Written by, Ennis Carter
Founder and Executive Director of Social Impact Studios
For the past three years, I’ve been fortunate enough to teach a class at Peters Valley School of Craft. It’s a weekend intensive called “Crafting Yourself…Online” and it’s all about helping artists share their experience and work with the big, bad world of the internet. Every year has been a great experience. Students have learned that digital technology is a tool just like the handheld ones mastered in their craft. And there have been a lot of “a-ha” moments about connecting to community that helped free them from the common aversion to sharing their work online.
But this year’s class was very different from the last two years. It was more pinpointed and focused on actual making with only a fraction of the time spent on theory. It was more customized so each person excelled at their own individual level. And it was surprisingly more tiring than the years when I think we covered more ground. What was different? It wasn’t the skill level or the willingness of the students. It wasn’t the tools themselves or even the way I taught them. I think the big difference this year was that I had a much deeper understanding of what “The Craft School Experience” is really all about.
For the last year and a half, I have been immersed in a national campaign to promote five craft schools from across the U.S. At Social Impact Studios, we know that the best marketing isn’t marketing at all – it’s mission-work, it’s storytelling and it comes from the true values that are at the heart of every organization and effort. So, when we lead a campaign we always start there to deeply understand what is at the core. What we often discover is that the organizations we work with need to dig deeply to uncover those core elements - especially if it’s a coalition effort – and are refreshingly reminded of the most important things that make their work meaningful.
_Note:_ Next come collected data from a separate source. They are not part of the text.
lemma tree_delete_edge_disconnects:
  assumes tree: "is_tree VT adjT" and xy: "x \<in> VT" "y \<in> VT" "adjT x y"
  shows "\<not> (delete_edge VT adjT {x, y})\<^sup>*\<^sup>* x y"
proof
  let ?R = "delete_edge VT adjT {x, y}"
  have graph: "graph VT adjT"
    using tree by (simp add: is_tree_def)
  assume "?R\<^sup>*\<^sup>* x y"
  then obtain xs where "rtrancl_path ?R x xs y"
    by (auto simp: rtranclp_eq_rtrancl_path)
  then obtain xs' where xs': "rtrancl_path ?R x xs' y" "distinct (x # xs')"
    by (rule rtrancl_path_distinct)
  define cyc where "cyc = x # xs'"
  have walk: "successively ?R cyc" and last: "last cyc = y"
    using rtrancl_path_successively[OF xs'(1)] by (auto simp: cyc_def)
  have "x \<noteq> y"
    using graph_irrefl[OF graph xy(1)] xy(3) by auto
  then have "xs' \<noteq> []"
    using last by (auto simp: cyc_def)
  have xs'_VT: "z \<in> VT" if "z \<in> set xs'" for z
    using rtrancl_path_Range[OF xs'(1) that] by (auto simp: delete_edge_def)
  have "3 \<le> length cyc"
  proof (rule ccontr)
    assume "\<not> 3 \<le> length cyc"
    then have "length xs' = 1"
      using \<open>xs' \<noteq> []\<close> by (cases xs') (auto simp: cyc_def Suc_le_eq)
    then obtain z where "xs' = [z]"
      by (auto simp: length_Suc_conv)
    then show False
      using walk last by (auto simp: cyc_def delete_edge_def)
  qed
  moreover have "set cyc \<subseteq> VT"
    using xy(1) xs'_VT by (auto simp: cyc_def)
  moreover have "successively adjT cyc"
    using walk by (rule successively_mono) (simp add: delete_edge_def)
  moreover have "adjT (last cyc) (hd cyc)"
    using last graph_sym[OF graph xy] by (simp add: cyc_def)
  moreover have "distinct cyc"
    using xs'(2) by (simp add: cyc_def)
  ultimately show False
    using tree_no_closed_walk[OF tree] by blast
qed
Through several in-person meetings with leaders from Arrowmont, Haystack, Penland, Peters Valley and Pilchuck, I was lucky to be part of meaningful conversation about the shared values at the heart of this unique educational experience. Values like “respect,” “growth,” “generosity,” and “process,” – among so many others – resonated with me personally and informed the creative direction for a public campaign. Through developing the campaign, visiting schools first-hand to talk with students, teachers and staff, I got to see those values in action and absorb, slowly, the unique qualities that join these schools together.
The class I teach regularly at Peters Valley is designed to be a weekend intensive survey course to help people jump into the world of online communication to share their work and connect with people who may be looking for what they do. It’s a big task because so many people who gravitate toward the world of craft are seeking something deeper, more in-touch, and less superficial than the way most of the internet is used. The approach in the past has been to expose students to a wide variety of outlets and have them dabble and test out options while learning key theory behind how these tools are best used. It’s worked to help people feel a little more comfortable and to “get started.”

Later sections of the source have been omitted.